A New Champion
This past weekend, something happened that we internally call a “Regime Change”: Our price detection model based on LightGBM was replaced by a CatBoost model. That sounds technical — and it is. But the effects are directly noticeable: price detection on your product pages just got more accurate.
To mark the occasion, we want to give you a peek behind the curtain at how our AI-powered price detection works, how we train our models, and why CatBoost now comes out on top.
The Problem: One Number Among Many
A typical product page contains dozens of numbers: article IDs, ratings, shipping costs, quantities, crossed-out prices, variant prices. The actual purchase price is just one of them. Our model needs to pick the right one from all these candidates — on any website, regardless of layout, language, or shop system.
How Our Pipeline Works
Price detection runs in several stages:
Stage 1: Collecting Candidates
When you add a URL for tracking, our system analyzes the complete page structure. Every element that could contain a price is identified. We use multiple sources in parallel:
- Structured data: JSON-LD and Schema.org markup that many shops provide for search engines.
- DOM analysis: Every text element is examined for price-like patterns — numbers with currency symbols, decimal separators, etc.

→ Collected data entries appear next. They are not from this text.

(* Let $\mathbf C$ be an admissible category of lattices. The adjunction $\mathbb P\dashv\mathrm{pt}$ between $\mathbf{Conv}$ and $(\mathbf C^{\mathrm{conv}})^{op}$ restricts to an adjunction between the category $\mathbf{Lim}$ of limit spaces and $(\mathbf C^{\mathrm{lim}})^{op}$, and also to an adjunction between $\mathbf{Lim}$ and $(\mathbf C^{\mathrm{lim}}_{\mathrm{cl}})^{op}$.
   Context: Setting: a filter on an inf-semilattice $L$ is a non-empty upward-closed subset closed under binary meets ($L$ allowed); $\mathbb F L$ is the set of filters. A category of lattices has lattices as objects and lattice morphisms; it is admissible if every powerset $\mathbb P(X)$ is an object and there are classes of index sets $\mathcal I,\mathcal J$ with morphisms exactly the monotone maps preserving existing $I$-indexed infima ($I\in\mathcal I$) and $J$-indexed suprema ($J\in\mathcal J$). A convergence $\mathbf C$-object is $(L,\lim_L)$ with $\lim_L:\mathbb F L\to L$ monotone; $\mathbf C^{\mathrm{conv}}$-morphisms are $\mathbf C$-morphisms $\varphi:L\to L'$ with $\lim_{L'}\mathcal F\le\varphi(\lim_L\varphi^{-1}(\mathcal F))$. Convergence spaces and $\mathbf{Conv}$: a set $X$ with relation $\to$ between filters of subsets and points, with $\{S:x\in S\}\to x$ and upward monotonicity in the filter; continuous maps preserve convergence via image filters. $\mathbb P(X)$ has $\lim\mathcal F=\{x:\mathcal F\to x\}$, $\mathbb P(f)=f^{-1}$. $\mathrm{pt}\,L$ is the set of $\mathbf C^{\mathrm{conv}}$-morphisms $L\to\{\emptyset,\{*\}\}$ (the latter with constant limit $\{*\}$), with $\ell^\bullet=\{\psi:\psi(\ell)=\{*\}\}$ and $\mathcal F\to\psi$ iff $\psi\in(\lim_L\{\ell:\ell^\bullet\in\mathcal F\})^\bullet$; $\mathrm{pt}\,\varphi(\psi)=\psi\circ\varphi$. It is known that $\mathbb P\dashv\mathrm{pt}$ is an adjunction between $\mathbf{Conv}$ and $(\mathbf C^{\mathrm{conv}})^{op}$. A limit space is a convergence space in which $\mathcal F\to x$ and $\mathcal G\to x$ imply $\mathcal F\cap\mathcal G\to x$; $\mathbf{Lim}$ is the full subcategory of $\mathbf{Conv}$ of limit spaces. A limit $\mathbf C$-object is a convergence $\mathbf C$-object with $\lim_L(\mathcal F\cap\mathcal G)=\lim_L\mathcal F\wedge\lim_L\mathcal G$ for all $\mathcal F,\mathcal G\in\mathbb F L$; $\mathbf C^{\mathrm{lim}}$ is the full subcategory of these. $\mathcal C_L$ is the set of complemented elements of $L$; a convergence $\mathbf C$-object is classical if for all filters $\mathcal F,\mathcal G$, $\mathcal F\cap\mathcal C_L=\mathcal G\cap\mathcal C_L$ implies $\lim_L\mathcal F=\lim_L\mathcal G$; $\mathbf C^{\mathrm{lim}}_{\mathrm{cl}}$ is the full subcategory of classical limit $\mathbf C$-objects. *)

theory Defs
  imports Main
begin
lemma avg_elem_score_half_diff_piecewise_affine:
  assumes "\<forall>i<n. x1 i \<in> Q \<and> x2 i \<in> Q"
  shows "piecewise_affine Q (\<lambda>\<theta>. avg_elem_score (1/2) n x2 y \<theta> - avg_elem_score (1/2) n x1 y \<theta>)"
proof -
  have "piecewise_affine Q (\<lambda>\<theta>. (y i - \<theta>) * (of_bool (\<theta> < x1 i) - of_bool (\<theta> < x2 i)) / 2)"
    if "i < n" for i
    unfolding piecewise_affine_def
  proof (intro allI impI)
    fix t r :: real assume "t < r" "{t<..<r} \<inter> Q = {}"
    then have gap: "x1 i \<notin> {t<..<r}" "x2 i \<notin> {t<..<r}"
      using assms that by auto
    define I where "I = (of_bool (t < x1 i) - of_bool (t < x2 i) :: real)"
    have "(y i - \<theta>) * (of_bool (\<theta> < x1 i) - of_bool (\<theta> < x2 i)) / 2 = y i * I / 2 + (- I / 2) * \<theta>"
      if "\<theta> \<in> {t..<r}" for \<theta>
      using less_iff_outside_gap[OF gap(1) that] less_iff_outside_gap[OF gap(2) that]
      by (simp add: I_def algebra_simps)
    then show "\<exists>a b. \<forall>\<theta>\<in>{t..<r}. (y i - \<theta>) * (of_bool (\<theta> < x1 i) - of_bool (\<theta> < x2 i)) / 2 = a + b * \<theta>"
      by blast
  qed
  then show ?thesis
    unfolding avg_elem_score_half_diff by (intro piecewise_affine_cmult piecewise_affine_sum) auto
qed

lemma isCont_elem_expectile_score:
  assumes "q \<noteq> x"
  shows "isCont (\<lambda>\<theta>. elem_expectile_score alpha \<theta> x y) q"
proof -
  have "\<forall>\<^sub>F \<theta> in nhds q. (\<theta> < x) = (q < x)"
  proof (cases "q < x")
    case True
    then show ?thesis
      using eventually_nhds_in_open[of "{..<x}" q] by (auto elim: eventually_mono)
  next
    case False
    with assms have "x < q"
      by simp
    then show ?thesis
      using eventually_nhds_in_open[of "{x<..}" q] by (auto elim: eventually_mono)
  qed
  then have "\<forall>\<^sub>F \<theta> in at q. (of_bool (\<theta> < x) :: real) = of_bool (q < x)"
    by (auto simp: eventually_at_filter elim: eventually_mono)
  then have "isCont (\<lambda>\<theta>. of_bool (\<theta> < x) :: real) q"
    unfolding isCont_def by (rule tendsto_eventually)
  then show ?thesis
    unfolding elem_expectile_score_def pos_part_def by (intro continuous_intros)
qed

- JavaScript extraction: For shops with configurable products (e.g., different sizes), we extract variant prices directly from embedded JavaScript.

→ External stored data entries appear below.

(* Let $X$ and $Y$ be nontrivial real Banach spaces. (a) If $X$ is locally octahedral, then $X\oplus_1 Y$ is locally octahedral. (b) If $X$ and $Y$ are locally octahedral and $1<p\leq\infty$, then $X\oplus_p Y$ is locally octahedral. (c) If $X\oplus_p Y$ is locally octahedral, where $1<p\leq\infty$, then $X$ is locally octahedral.
   Context: For $1\le p<\infty$, $X\oplus_p Y$ is $X\times Y$ with norm $\|(x,y)\|_p=(\|x\|^p+\|y\|^p)^{1/p}$; $X\oplus_\infty Y$ has norm $\max\{\|x\|,\|y\|\}$. A Banach space $Z$ is locally octahedral if for every $z\in Z$ and every $\varepsilon>0$ there is a $w\in S_Z$ (unit sphere) such that $\|sz+w\|\geq(1-\varepsilon)(|s|\|z\|+\|w\|)$ for all $s\in\mathbb{R}$. *)

theory Defs
  imports "HOL-Analysis.Analysis"
begin

definition locally_octahedral_wrt :: "('v::real_vector \<Rightarrow> real) \<Rightarrow> bool" where
  "locally_octahedral_wrt N \<longleftrightarrow>
     (\<forall>z. \<forall>\<epsilon>>0. \<exists>w. N w = 1 \<and>
        (\<forall>s::real. N (s *\<^sub>R z + w) \<ge> (1 - \<epsilon>) * (\<bar>s\<bar> * N z + N w)))"

abbreviation locally_octahedral :: "'a::real_normed_vector itself \<Rightarrow> bool" where
  "locally_octahedral _ \<equiv> locally_octahedral_wrt (norm :: 'a \<Rightarrow> real)"

definition psum_norm :: "ereal \<Rightarrow> ('a::real_normed_vector \<times> 'b::real_normed_vector) \<Rightarrow> real" where
  "psum_norm p xy =
     (if p = \<infinity> then max (norm (fst xy)) (norm (snd xy))
      else (norm (fst xy) powr real_of_ereal p + norm (snd xy) powr real_of_ereal p)
             powr (1 / real_of_ereal p))"

end

theory Submission
  imports Defs
begin

text \<open>
  Write \<open>\<parallel>(a, b)\<parallel>\<^sub>p\<close> for the \<open>\<ell>\<^sub>p\<close>-norm on \<open>\<real>\<^sup>2\<close>, so that
  \<open>\<parallel>(x, y)\<parallel> = \<parallel>(\<parallel>x\<parallel>, \<parallel>y\<parallel>)\<parallel>\<^sub>p\<close> in \<open>X \<oplus>\<^sub>p Y\<close>.
  For (a) and (b), given \<open>z = (x, y)\<close> take octahedral directions \<open>w\<^sub>1\<close> for \<open>x\<close> and \<open>w\<^sub>2\<close> for
  \<open>y\<close> and put \<open>W = (\<parallel>x\<parallel> w\<^sub>1, \<parallel>y\<parallel> w\<^sub>2) / \<parallel>z\<parallel>\<close>: each coordinate of \<open>s z + W\<close> then has norm
  at least \<open>(1 - \<epsilon>)(|s| + 1/\<parallel>z\<parallel>)\<close> times the corresponding coordinate of \<open>z\<close>, and
  monotonicity and homogeneity of \<open>\<parallel>\<cdot>\<parallel>\<^sub>p\<close> lift this to \<open>z\<close>. For \<open>p = 1\<close> the single
  direction \<open>(w\<^sub>1, 0)\<close> already works.

  For (c), apply local octahedrality of \<open>X \<oplus>\<^sub>p Y\<close> to \<open>(x, 0)\<close> and obtain \<open>(u, v)\<close> of norm 1.
  At \<open>s = 1/\<parallel>x\<parallel>\<close> this gives \<open>\<parallel>(1 + \<parallel>u\<parallel>, \<parallel>v\<parallel>)\<parallel>\<^sub>p \<approx> 2\<close>. For \<open>p < \<infinity>\<close> strict convexity of
  \<open>t \<mapsto> t\<^sup>p\<close> then forces \<open>\<parallel>v\<parallel> \<approx> 0\<close> and \<open>\<parallel>u\<parallel> \<approx> 1\<close>; for \<open>p = \<infinity>\<close> it forces \<open>\<parallel>u\<parallel> \<approx> 1\<close>, and
  \<open>\<parallel>v\<parallel>\<close> can dominate \<open>\<parallel>s x + u\<parallel>\<close> only when \<open>|s| \<parallel>x\<parallel>\<close> is small. Either way \<open>u / \<parallel>u\<parallel>\<close> is an
  octahedral direction for \<open>x\<close> in \<open>X\<close>.
\<close>

section \<open>The \<open>\<ell>\<^sub>p\<close>-norm on \<open>\<real>\<^sup>2\<close>\<close>

definition lp_norm2 :: "ereal \<Rightarrow> real \<Rightarrow> real \<Rightarrow> real" where
  "lp_norm2 p a b =
     (if p = \<infinity> then max a b
      else (a powr real_of_ereal p + b powr real_of_ereal p) powr (1 / real_of_ereal p))"

lemma psum_norm_eq_lp_norm2: "psum_norm p xy = lp_norm2 p (norm (fst xy)) (norm (snd xy))"
  by (simp add: psum_norm_def lp_norm2_def)

lemma lp_norm2_infinity [simp]: "lp_norm2 \<infinity> a b = max a b"
  by (simp add: lp_norm2_def)

lemma lp_norm2_ereal [simp]: "lp_norm2 (ereal q) a b = (a powr q + b powr q) powr (1 / q)"
  by (simp add: lp_norm2_def)

lemma ereal_ge_one_cases:
  assumes "1 \<le> p"
  obtains "p = \<infinity>" | q where "p = ereal q" "1 \<le> q"
  using assms by (cases p) auto

lemma powr_add_powr_root_le_add:
  fixes q a b :: real
  assumes "1 \<le> q" "0 \<le> a" "0 \<le> b"
  shows "(a powr q + b powr q) powr (1 / q) \<le> a + b"
proof (cases "a + b = 0")
  case True
  then have "a = 0" "b = 0" using assms by auto
  then show ?thesis by simp
next
  case False
  then have S: "a + b > 0" using assms by linarith
  have "(a / (a + b)) powr q \<le> a / (a + b)" "(b / (a + b)) powr q \<le> b / (a + b)"
    using powr_mono'[of 1 q "a / (a + b)"] powr_mono'[of 1 q "b / (a + b)"] assms S by simp_all
  moreover have "a / (a + b) + b / (a + b) = 1"
    using S by (simp add: add_divide_distrib[symmetric])
  ultimately have "(a / (a + b)) powr q + (b / (a + b)) powr q \<le> 1"
    by linarith
  then have "a powr q + b powr q \<le> (a + b) powr q"
    using S assms by (simp add: powr_divide divide_simps)
  then have "(a powr q + b powr q) powr (1 / q) \<le> ((a + b) powr q) powr (1 / q)"
    using assms by (intro powr_mono2) auto
  then show ?thesis using S assms by (simp add: powr_powr)
qed

lemma powr_add_le_two_powr:
  fixes q a b :: real
  assumes q: "1 \<le> q" and "0 \<le> a" "0 \<le> b"
  shows "(a + b) powr q \<le> 2 powr (q - 1) * (a powr q + b powr q)"
proof (cases "a = 0 \<or> b = 0")
  case True
  have "1 \<le> (2::real) powr (q - 1)" using q by (simp add: ge_one_powr_ge_zero)
  then show ?thesis
    using True mult_right_mono[of 1 "2 powr (q - 1)" "a powr q + b powr q"] by auto
next
  case False
  then have "a > 0" "b > 0" using assms by auto
  then have "((1 - 1/2) *\<^sub>R a + (1/2) *\<^sub>R b) powr q \<le> (1 - 1/2) * a powr q + (1/2) * b powr q"
    using convex_onD[OF powr_convex[OF q], of "1/2" a b] by simp
  then have "((a + b) / 2) powr q \<le> (a powr q + b powr q) / 2"
    by (simp add: field_simps)
  then have "2 powr q * ((a + b) / 2) powr q \<le> 2 powr q * ((a powr q + b powr q) / 2)"
    by (rule mult_left_mono) simp
  then show ?thesis
    using \<open>a > 0\<close> \<open>b > 0\<close> by (simp add: powr_divide powr_diff)
qed

lemma lp_norm2_nonneg: "0 \<le> a \<Longrightarrow> 0 \<le> lp_norm2 p a b"
  by (auto simp: lp_norm2_def le_max_iff_disj)

lemma lp_norm2_mono:
  assumes "1 \<le> p" "0 \<le> a" "a \<le> a'" "0 \<le> b" "b \<le> b'"
  shows "lp_norm2 p a b \<le> lp_norm2 p a' b'"
  using assms(1)
proof (cases rule: ereal_ge_one_cases)
  case (2 q)
  then show ?thesis using assms by (auto intro!: powr_mono2 add_mono)
qed (use assms in auto)

lemma lp_norm2_scale:
  assumes "1 \<le> p" "0 \<le> c" "0 \<le> a" "0 \<le> b"
  shows "lp_norm2 p (c * a) (c * b) = c * lp_norm2 p a b"
  using assms(1)
proof (cases rule: ereal_ge_one_cases)
  case (2 q)
  then have "(c * a) powr q + (c * b) powr q = c powr q * (a powr q + b powr q)"
    using assms by (simp add: powr_mult algebra_simps)
  then show ?thesis using 2 assms by (simp add: powr_mult powr_powr)
qed (use assms in \<open>simp add: max_mult_distrib_left\<close>)

lemma lp_norm2_zero_right: "1 \<le> p \<Longrightarrow> 0 \<le> a \<Longrightarrow> lp_norm2 p a 0 = a"
  by (cases rule: ereal_ge_one_cases) (auto simp: powr_powr)

lemma lp_norm2_zero_left: "1 \<le> p \<Longrightarrow> 0 \<le> b \<Longrightarrow> lp_norm2 p 0 b = b"
  by (cases rule: ereal_ge_one_cases) (auto simp: powr_powr)

lemma lp_norm2_ge_left: "1 \<le> p \<Longrightarrow> 0 \<le> a \<Longrightarrow> 0 \<le> b \<Longrightarrow> a \<le> lp_norm2 p a b"
  using lp_norm2_mono[of p a a 0 b] by (simp add: lp_norm2_zero_right)

lemma lp_norm2_ge_right: "1 \<le> p \<Longrightarrow> 0 \<le> a \<Longrightarrow> 0 \<le> b \<Longrightarrow> b \<le> lp_norm2 p a b"
  using lp_norm2_mono[of p 0 a b b] by (simp add: lp_norm2_zero_left)

lemma lp_norm2_le_add: "1 \<le> p \<Longrightarrow> 0 \<le> a \<Longrightarrow> 0 \<le> b \<Longrightarrow> lp_norm2 p a b \<le> a + b"
  by (cases rule: ereal_ge_one_cases) (auto simp: powr_add_powr_root_le_add)

lemma lq_doubling_defect_bound:
  fixes q \<delta> \<alpha> \<beta> :: real
  assumes q: "1 \<le> q" and \<delta>: "\<delta> \<le> 1" and \<alpha>: "0 \<le> \<alpha>" and \<beta>: "0 \<le> \<beta>"
    and unit: "\<alpha> powr q + \<beta> powr q = 1"
    and doubling: "2 * (1 - \<delta>) \<le> ((1 + \<alpha>) powr q + \<beta> powr q) powr (1 / q)"
  shows "(2 powr (q - 1) - 1) * \<beta> powr q \<le> 2 powr q * (1 - (1 - \<delta>) powr q)"
proof -
  have two_powr: "2 powr (q - 1) * 2 = (2::real) powr q"
    by (simp add: powr_diff)
  have "2 powr q * (1 - \<delta>) powr q = (2 * (1 - \<delta>)) powr q"
    using powr_mult[of 2 "1 - \<delta>" q] \<delta> by simp
  also have "\<dots> \<le> (((1 + \<alpha>) powr q + \<beta> powr q) powr (1 / q)) powr q"
    using doubling \<delta> q by (intro powr_mono2) auto
  also have "\<dots> = (1 + \<alpha>) powr q + \<beta> powr q"
    using q by (simp add: powr_powr)
  also have "\<dots> \<le> 2 powr (q - 1) * (1 + \<alpha> powr q) + \<beta> powr q"
    using powr_add_le_two_powr[of q 1 \<alpha>] q \<alpha> by simp
  also have "\<dots> = 2 powr q - (2 powr (q - 1) - 1) * \<beta> powr q"
    using arg_cong[OF unit, of "\<lambda>t. 2 powr (q - 1) * t"] two_powr
    by (simp add: algebra_simps)
  finally show ?thesis by (simp add: algebra_simps)
qed

text \<open>The constant \<open>2 powr (q - 1) - 1\<close> above is positive only for \<open>q > 1\<close>; this is where
  \<open>p > 1\<close> enters in (c).\<close>

lemma eventually_lq_doubling_imp_second_small:
  fixes q \<eta> :: real
  assumes q: "1 < q" and \<eta>: "0 < \<eta>"
  shows "\<forall>\<^sub>F \<delta> in at_right 0. \<forall>\<alpha> \<beta>. 0 \<le> \<alpha> \<longrightarrow> 0 \<le> \<beta> \<longrightarrow> \<alpha> powr q + \<beta> powr q = 1 \<longrightarrow>
           2 * (1 - \<delta>) \<le> ((1 + \<alpha>) powr q + \<beta> powr q) powr (1 / q) \<longrightarrow> \<beta> \<le> \<eta>"
proof -
  define c where "c = 2 powr (q - 1) - 1"
  have c: "0 < c" unfolding c_def using gr_one_powr[of 2 "q - 1"] q by simp
  have "((\<lambda>\<delta>. (1 - \<delta>) powr q) \<longlongrightarrow> (1 - 0) powr q) (at_right 0)"
    by (intro tendsto_intros) auto
  moreover have "1 - c * \<eta> powr q / 2 powr q < (1 - 0) powr q" using c \<eta> by simp
  ultimately have "\<forall>\<^sub>F \<delta> in at_right 0. 1 - c * \<eta> powr q / 2 powr q < (1 - \<delta>) powr q"
    by (rule order_tendstoD)
  moreover have "\<forall>\<^sub>F \<delta> in at_right (0::real). \<delta> < 1"
    using eventually_at_right_real[of 0 1] by (simp add: eventually_mono)
  ultimately show ?thesis
  proof eventually_elim
    case (elim \<delta>)
    show ?case
    proof (intro allI impI)
      fix \<alpha> \<beta> :: real
      assume "0 \<le> \<alpha>" "0 \<le> \<beta>" "\<alpha> powr q + \<beta> powr q = 1"
        "2 * (1 - \<delta>) \<le> ((1 + \<alpha>) powr q + \<beta> powr q) powr (1 / q)"
      then have "c * \<beta> powr q \<le> 2 powr q * (1 - (1 - \<delta>) powr q)"
        using lq_doubling_defect_bound[of q \<delta> \<alpha> \<beta>] q elim by (simp add: c_def)
      also have "\<dots> < c * \<eta> powr q"
        using elim by (simp add: field_simps)
      finally have "\<beta> powr q < \<eta> powr q" using c by simp
      then show "\<beta> \<le> \<eta>"
        using powr_mono2[of q \<eta> \<beta>] \<eta> q by (cases "\<beta> \<le> \<eta>") auto
    qed
  qed
qed

lemma lq_unit_sphere_first_ge:
  fixes q \<alpha> \<beta> :: real
  assumes q: "1 \<le> q" and \<alpha>: "0 \<le> \<alpha>" and \<beta>: "0 \<le> \<beta>" and unit: "\<alpha> powr q + \<beta> powr q = 1"
  shows "\<alpha> \<le> 1" "1 - \<beta> \<le> \<alpha>"
proof -
  have p: "1 \<le> ereal q" using q by simp
  have "(\<alpha> powr q + \<beta> powr q) powr (1 / q) = 1" using unit by simp
  then have "\<alpha> \<le> 1" "\<beta> \<le> 1"
    using lp_norm2_ge_left[OF p \<alpha> \<beta>] lp_norm2_ge_right[OF p \<alpha> \<beta>] by simp_all
  then show "\<alpha> \<le> 1" by simp
  from \<open>\<alpha> \<le> 1\<close> \<open>\<beta> \<le> 1\<close> have "\<alpha> powr q \<le> \<alpha>" "\<beta> powr q \<le> \<beta>"
    using powr_mono'[of 1 q \<alpha>] powr_mono'[of 1 q \<beta>] q \<alpha> \<beta> by simp_all
  then show "1 - \<beta> \<le> \<alpha>" using unit by linarith
qed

Stage 2: Feature Extraction
For each price candidate, we compute roughly two dozen features that help the model distinguish the real price from noise:
- HTML context: Does the surrounding element contain words like “price”, “offer”, or “current”? Is the text visually emphasized (bold, large font)?

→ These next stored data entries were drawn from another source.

(* Let $n=2m$ and let $G=(g[i,j])_{1\le i,j\le n}$ be a symmetric matrix of indeterminates ($g[i,j]=g[j,i]$). For distinct indices $i_1,\dots,i_n$ put $g[i_1,\dots,i_m\,|\,i_{m+1},\dots,i_n]=\det\big(g[i_p,i_{m+q}]\big)_{1\le p,q\le m}$. Let $\mathfrak S_n$ act by permuting indices, $g[i,j]\mapsto g[\sigma(i),\sigma(j)]$. Then the $\mathbb{Q}$-linear span of the orbit of $g[1,\dots,m\,|\,m+1,\dots,n]$ under $\mathfrak S_n$ is an irreducible representation of $\mathfrak S_n$ isomorphic to the Specht module of shape $[2^m]$; more precisely, the assignment $g[i_1,\dots,i_m\,|\,i_{m+1},\dots,i_n]\mapsto \Delta^x(i_1,\dots,i_m)\,\Delta^x(i_{m+1},\dots,i_n)$ extends to an $\mathfrak S_n$-equivariant linear isomorphism onto the span of the polynomials $\Delta^x(i_1,\dots,i_m)\Delta^x(i_{m+1},\dots,i_n)$.
   Context: $\Delta^x(i_1,\dots,i_k)=\prod_{1\le p<q\le k}(x_{i_p}-x_{i_q})$; $\mathfrak S_n$ acts on polynomials in $x_1,\dots,x_n$ by $x_i\mapsto x_{\sigma(i)}$. The shape $[2^m]$ consists of $m$ rows of length $2$ (two columns of height $m$); its Specht module is the span of the polynomials $\Delta^x(i_1,\dots,i_m)\Delta^x(i_{m+1},\dots,i_n)$ for $(i_1,\dots,i_n)$ ranging over permutations of $1,\dots,n$. *)

theory Defs
  imports "HOL-Combinatorics.Permutations" "Jordan_Normal_Form.Determinant"
begin

(* Polynomials over Q are represented by their polynomial functions (Q is infinite,
   so this is faithful). A polynomial in the symmetric matrix of indeterminates
   g[i,j] = g[j,i] is a function of g :: nat => nat => rat that reads only the
   entries g i j with i <= j (the independent indeterminates). *)

definition symm :: "(nat \<Rightarrow> nat \<Rightarrow> rat) \<Rightarrow> nat \<Rightarrow> nat \<Rightarrow> rat" where
  "symm g i j = g (min i j) (max i j)"

definition gbr :: "nat list \<Rightarrow> nat list \<Rightarrow> (nat \<Rightarrow> nat \<Rightarrow> rat) \<Rightarrow> rat" where
  "gbr is js g = det (mat (length is) (length is) (\<lambda>(p,q). symm g (is ! p) (js ! q)))"

definition Delta :: "nat list \<Rightarrow> (nat \<Rightarrow> rat) \<Rightarrow> rat" where
  "Delta is x = (\<Prod>(p,q)\<in>{(p,q). p < q \<and> q < length is}. x (is ! p) - x (is ! q))"

definition Sn :: "nat \<Rightarrow> (nat \<Rightarrow> nat) set" where
  "Sn n = {\<sigma>. \<sigma> permutes {1..n}}"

- Page position: How deeply nested is the element in the DOM? Where does it sit relative to other candidates?
- Statistical context: How does the value compare to other numbers on the page? Is it an outlier or within a typical price range?
- Shop-specific signals: How well does the model historically detect prices on this domain? Some shops are harder than others.
Stage 3: Prediction
All candidates with their features are sent to our ML service. The model scores each candidate with a probability: “How confident am I that this is the actual product price?” The candidate with the highest score wins.
Training: How the Model Learns
Our model learns from real user data. Every time you confirm or correct a price, that feedback flows back as a training signal. The mapping “this number on this page is the correct price” becomes a labeled example for the next training run.
The challenge: out of all candidates on a page, typically only one is the correct price — the ratio is roughly 1:50. This imbalance must be accounted for during training, otherwise the model simply learns to classify everything as “not a price.”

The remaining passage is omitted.